*Data provided*.
(* Let $T$ be a triangle of type $(120^\circ,30^\circ,30^\circ)$. Then $h(n,T)\le\frac{4}{81}n^3$ for every positive integer $n$.
   Context: A triangle is of type $(\alpha,\beta,\gamma)$ if $\alpha\ge\beta\ge\gamma$ are its interior angles in degrees. For a triangle $T$ with side lengths $a,b,c$ and $\varepsilon>0$, with $\varepsilon'=\varepsilon\min\{a,b,c\}$, a triangle $A'B'C'$ is $\varepsilon$-congruent to $T$ if there are $A,B,C\in\mathbb{R}^2$ with $ABC$ congruent to $T$ and $A',B',C'$ within distance $\varepsilon'$ of $A,B,C$ respectively. $h(n,T,\varepsilon)$ is the maximum over $n$-point sets $P\subseteq\mathbb{R}^2$ of the number of 3-subsets of $P$ forming triangles $\varepsilon$-congruent to $T$, and $h(n,T)=\min_{\varepsilon>0}h(n,T,\varepsilon)$. *)

theory Defs
  imports "HOL-Analysis.Analysis" "HOL-Library.Multiset"
begin

type_synonym point = "real^2"
type_synonym triangle = "point \<times> point \<times> point"

definition angle_deg :: "point \<Rightarrow> point \<Rightarrow> point \<Rightarrow> real" where
  "angle_deg A B C =
     arccos (((B - A) \<bullet> (C - A)) / (norm (B - A) * norm (C - A))) * 180 / pi"

definition tri_type :: "triangle \<Rightarrow> real \<Rightarrow> real \<Rightarrow> real \<Rightarrow> bool" where
  "tri_type T \<alpha> \<beta> \<gamma> \<longleftrightarrow>
     (case T of (A, B, C) \<Rightarrow>
        \<not> collinear {A, B, C} \<and> \<alpha> \<ge> \<beta> \<and> \<beta> \<ge> \<gamma> \<and>
        {# angle_deg A B C, angle_deg B C A, angle_deg C A B #} = {# \<alpha>, \<beta>, \<gamma> #})"

definition congruent_to :: "point \<Rightarrow> point \<Rightarrow> point \<Rightarrow> triangle \<Rightarrow> bool" where
  "congruent_to A B C T \<longleftrightarrow>
     (case T of (A0, B0, C0) \<Rightarrow>
        dist A B = dist A0 B0 \<and> dist B C = dist B0 C0 \<and> dist C A = dist C0 A0)"

definition min_side :: "triangle \<Rightarrow> real" where
  "min_side T = (case T of (A0, B0, C0) \<Rightarrow> min (dist B0 C0) (min (dist C0 A0) (dist A0 B0)))"

definition eps_congruent :: "real \<Rightarrow> point \<Rightarrow> point \<Rightarrow> point \<Rightarrow> triangle \<Rightarrow> bool" where
  "eps_congruent \<epsilon> A' B' C' T \<longleftrightarrow>
     (\<exists>A B C. congruent_to A B C T \<and>
        dist A' A \<le> \<epsilon> * min_side T \<and> dist B' B \<le> \<epsilon> * min_side T \<and>
        dist C' C \<le> \<epsilon> * min_side T)"

definition count_eps :: "triangle \<Rightarrow> real \<Rightarrow> point set \<Rightarrow> nat" where
  "count_eps T \<epsilon> P = card {S. S \<subseteq> P \<and> card S = 3 \<and>
      (\<exists>A' B' C'. S = {A', B', C'} \<and> eps_congruent \<epsilon> A' B' C' T)}"

definition h_eps :: "nat \<Rightarrow> triangle \<Rightarrow> real \<Rightarrow> nat" where
  "h_eps n T \<epsilon> = Max {count_eps T \<epsilon> P | P. finite P \<and> card P = n}"

definition h :: "nat \<Rightarrow> triangle \<Rightarrow> nat" where
  "h n T = Inf {h_eps n T \<epsilon> | \<epsilon>. \<epsilon> > 0}"

end

theory Submission
  imports Defs
begin

(* Scale T to side lengths 1, 1, sqrt 3 and fix a small eps.  The eps-congruent triples of P form
   a 3-uniform hypergraph in which every edge has two sides close to 1 and one close to sqrt 3.
   Weight the points by 1 and apply Zykov symmetrization: two points in no common edge can be
   merged, giving one of them the other's weight, without decreasing the weighted edge count.
   When no such pair is left, all mutual distances are close to 1 or sqrt 3.  Three vectors in the
   plane have a vanishing Gram determinant; applied to the nominal distances this leaves at most
   four points and forbids four points carrying all four triples.  On such a configuration the
   weighted count is at most 4/81 (total weight)^3, the Lagrangian of K4 minus an edge. *)

section \<open>Lagrangians of 3-uniform hypergraphs\<close>

definition triples :: "('a set \<Rightarrow> bool) \<Rightarrow> 'a set \<Rightarrow> 'a set set" where
  "triples p Q = {S. S \<subseteq> Q \<and> card S = 3 \<and> p S}"

definition lagrangian_poly :: "('a set \<Rightarrow> bool) \<Rightarrow> 'a set \<Rightarrow> ('a \<Rightarrow> real) \<Rightarrow> real" where
  "lagrangian_poly p Q w = (\<Sum>S\<in>triples p Q. \<Prod>x\<in>S. w x)"

definition link_poly :: "('a set \<Rightarrow> bool) \<Rightarrow> 'a set \<Rightarrow> 'a \<Rightarrow> ('a \<Rightarrow> real) \<Rightarrow> real" where
  "link_poly p Q x w = (\<Sum>S\<in>{S\<in>triples p Q. x \<in> S}. \<Prod>z\<in>S - {x}. w z)"

definition covers_pairs :: "('a set \<Rightarrow> bool) \<Rightarrow> 'a set \<Rightarrow> bool" where
  "covers_pairs p Q \<longleftrightarrow> (\<forall>x\<in>Q. \<forall>y\<in>Q. x \<noteq> y \<longrightarrow> (\<exists>S\<in>triples p Q. x \<in> S \<and> y \<in> S))"

lemma finite_triples: "finite Q \<Longrightarrow> finite (triples p Q)"
  unfolding triples_def by (rule finite_subset[of _ "Pow Q"]) auto

lemma card_triples_eq_lagrangian_poly: "real (card (triples p Q)) = lagrangian_poly p Q (\<lambda>_. 1)"
  by (simp add: lagrangian_poly_def)

lemma lagrangian_poly_cong:
  "(\<And>z. z \<in> Q \<Longrightarrow> w z = w' z) \<Longrightarrow> lagrangian_poly p Q w = lagrangian_poly p Q w'"
  unfolding lagrangian_poly_def triples_def by (intro sum.cong prod.cong) auto

lemma link_poly_cong:
  "(\<And>z. z \<in> Q - {x} \<Longrightarrow> w z = w' z) \<Longrightarrow> link_poly p Q x w = link_poly p Q x w'"
  unfolding link_poly_def triples_def by (intro sum.cong prod.cong) auto

lemma link_poly_Diff_nonadjacent:
  assumes "\<forall>S\<in>triples p Q. \<not> (x \<in> S \<and> y \<in> S)"
  shows "link_poly p (Q - {x}) y w = link_poly p Q y w"
proof -
  have "{S\<in>triples p (Q - {x}). y \<in> S} = {S\<in>triples p Q. y \<in> S}"
    using assms unfolding triples_def by blast
  then show ?thesis by (simp add: link_poly_def)
qed

lemma lagrangian_poly_remove:
  assumes "finite Q"
  shows "lagrangian_poly p Q w = lagrangian_poly p (Q - {x}) w + w x * link_poly p Q x w"
proof -
  have split: "triples p Q = triples p (Q - {x}) \<union> {S\<in>triples p Q. x \<in> S}"
    and disj: "triples p (Q - {x}) \<inter> {S\<in>triples p Q. x \<in> S} = {}"
    unfolding triples_def by auto
  have "(\<Prod>z\<in>S. w z) = w x * (\<Prod>z\<in>S - {x}. w z)" if "S \<in> triples p Q" "x \<in> S" for S
    using that assms by (intro prod.remove) (auto simp: triples_def finite_subset)
  then have "(\<Sum>S\<in>{S\<in>triples p Q. x \<in> S}. \<Prod>z\<in>S. w z) = w x * link_poly p Q x w"
    by (simp add: link_poly_def sum_distrib_left)
  moreover have "finite (triples p Q)" "finite (triples p (Q - {x}))"
    using assms by (simp_all add: finite_triples)
  ultimately show ?thesis
    unfolding lagrangian_poly_def
    by (subst (1) split, subst sum.union_disjoint[OF _ _ disj]) auto
qed

(* Zykov symmetrization: no edge contains both x and y, so the polynomial is affine in w x and in
   w y with no w x * w y term, and moving all weight to the better of the two cannot lose. *)
lemma lagrangian_poly_merge_le:
  assumes "finite Q" "x \<noteq> y" and nonadj: "\<forall>S\<in>triples p Q. \<not> (x \<in> S \<and> y \<in> S)"
    and w_nonneg: "\<And>z. 0 \<le> w z"
  shows "lagrangian_poly p Q w \<le>
    max (lagrangian_poly p (Q - {y}) (w(x := w x + w y)))
        (lagrangian_poly p (Q - {x}) (w(y := w x + w y)))"
proof -
  define Z where "Z = lagrangian_poly p (Q - {x} - {y}) w"
  define \<alpha> where "\<alpha> = link_poly p Q x w"
  define \<beta> where "\<beta> = link_poly p Q y w"
  have nonadj': "\<forall>S\<in>triples p Q. \<not> (y \<in> S \<and> x \<in> S)" using nonadj by blast
  have Qxy: "Q - {y} - {x} = Q - {x} - {y}" by blast
  have "lagrangian_poly p Q w = lagrangian_poly p (Q - {x}) w + w x * \<alpha>"
    unfolding \<alpha>_def using assms(1) by (rule lagrangian_poly_remove)
  also have "lagrangian_poly p (Q - {x}) w = Z + w y * \<beta>"
    using lagrangian_poly_remove[of "Q - {x}" p w y] assms(1)
    by (simp add: Z_def \<beta>_def link_poly_Diff_nonadjacent[OF nonadj])
  finally have L: "lagrangian_poly p Q w = Z + w x * \<alpha> + w y * \<beta>" by simp
  have Lx: "lagrangian_poly p (Q - {y}) (w(x := w x + w y)) = Z + (w x + w y) * \<alpha>"
    using lagrangian_poly_remove[of "Q - {y}" p "w(x := w x + w y)" x] assms(1,2)
      lagrangian_poly_cong[of "Q - {y} - {x}" "w(x := w x + w y)" w p]
      link_poly_cong[of "Q - {y}" x "w(x := w x + w y)" w p]
    by (simp add: Z_def \<alpha>_def Qxy link_poly_Diff_nonadjacent[OF nonadj'])
  have Ly: "lagrangian_poly p (Q - {x}) (w(y := w x + w y)) = Z + (w x + w y) * \<beta>"
    using lagrangian_poly_remove[of "Q - {x}" p "w(y := w x + w y)" y] assms(1,2)
      lagrangian_poly_cong[of "Q - {x} - {y}" "w(y := w x + w y)" w p]
      link_poly_cong[of "Q - {x}" y "w(y := w x + w y)" w p]
    by (simp add: Z_def \<beta>_def link_poly_Diff_nonadjacent[OF nonadj])
  have "w x * \<alpha> + w y * \<beta> \<le> (w x + w y) * max \<alpha> \<beta>"
    using add_mono[OF mult_left_mono[OF max.cobounded1 w_nonneg[of x]]
        mult_left_mono[OF max.cobounded2 w_nonneg[of y]]]
    by (simp add: distrib_right)
  also have "\<dots> = max ((w x + w y) * \<alpha>) ((w x + w y) * \<beta>)"
    using w_nonneg[of x] w_nonneg[of y] by (simp add: max_mult_distrib_left)
  finally show ?thesis
    unfolding L Lx Ly by (simp flip: max_add_distrib_right)
qed

lemma sum_merge_weights:
  assumes "finite Q" "x \<in> Q" "y \<in> Q" "x \<noteq> y"
  shows "sum (w(x := w x + w y)) (Q - {y}) = sum w Q"
proof -
  have "sum (w(x := w x + w y)) (Q - {y}) = w x + w y + sum w (Q - {y} - {x})"
    using assms by (simp add: sum.remove)
  also have "\<dots> = sum w Q"
    using assms by (simp add: sum.remove[of Q y] sum.remove[of "Q - {y}" x] algebra_simps)
  finally show ?thesis .
qed

lemma cubic_am_gm:
  fixes a t :: real
  assumes "0 \<le> a" "0 \<le> t"
  shows "27 * a * t^2 \<le> 4 * (a + t)^3"
proof -
  have "4 * (a + t)^3 - 27 * a * t^2 = (t - 2*a)^2 * (4*t + a)"
    by (simp add: power2_eq_square power3_eq_cube algebra_simps)
  also have "\<dots> \<ge> 0" using assms by simp
  finally show ?thesis by simp
qed

lemma K4_minus_poly_le:
  fixes a b c d :: real
  assumes "0 \<le> a" "0 \<le> b" "0 \<le> c" "0 \<le> d"
  shows "d * (a*b + a*c + b*c) \<le> 4/81 * (a + b + c + d)^3"
proof -
  have "0 \<le> (a-b)^2 + (b-c)^2 + (c-a)^2" by simp
  then have "a*b + a*c + b*c \<le> (a+b+c)^2 / 3" by (simp add: power2_eq_square algebra_simps)
  then have "d * (a*b + a*c + b*c) \<le> d * ((a+b+c)^2 / 3)"
    by (rule mult_left_mono) (use assms in auto)
  also have "\<dots> \<le> 4/81 * (d + (a+b+c))^3" using cubic_am_gm[of d "a+b+c"] assms by simp
  finally show ?thesis by (simp add: algebra_simps)
qed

*To do*. For this listing, copy out every line that includes the word "exists".

*Response box*.
     (\<exists>A B C. congruent_to A B C T \<and>
      (\<exists>A' B' C'. S = {A', B', C'} \<and> eps_congruent \<epsilon> A' B' C' T)}"
  "covers_pairs p Q \<longleftrightarrow> (\<forall>x\<in>Q. \<forall>y\<in>Q. x \<noteq> y \<longrightarrow> (\<exists>S\<in>triples p Q. x \<in> S \<and> y \<in> S))"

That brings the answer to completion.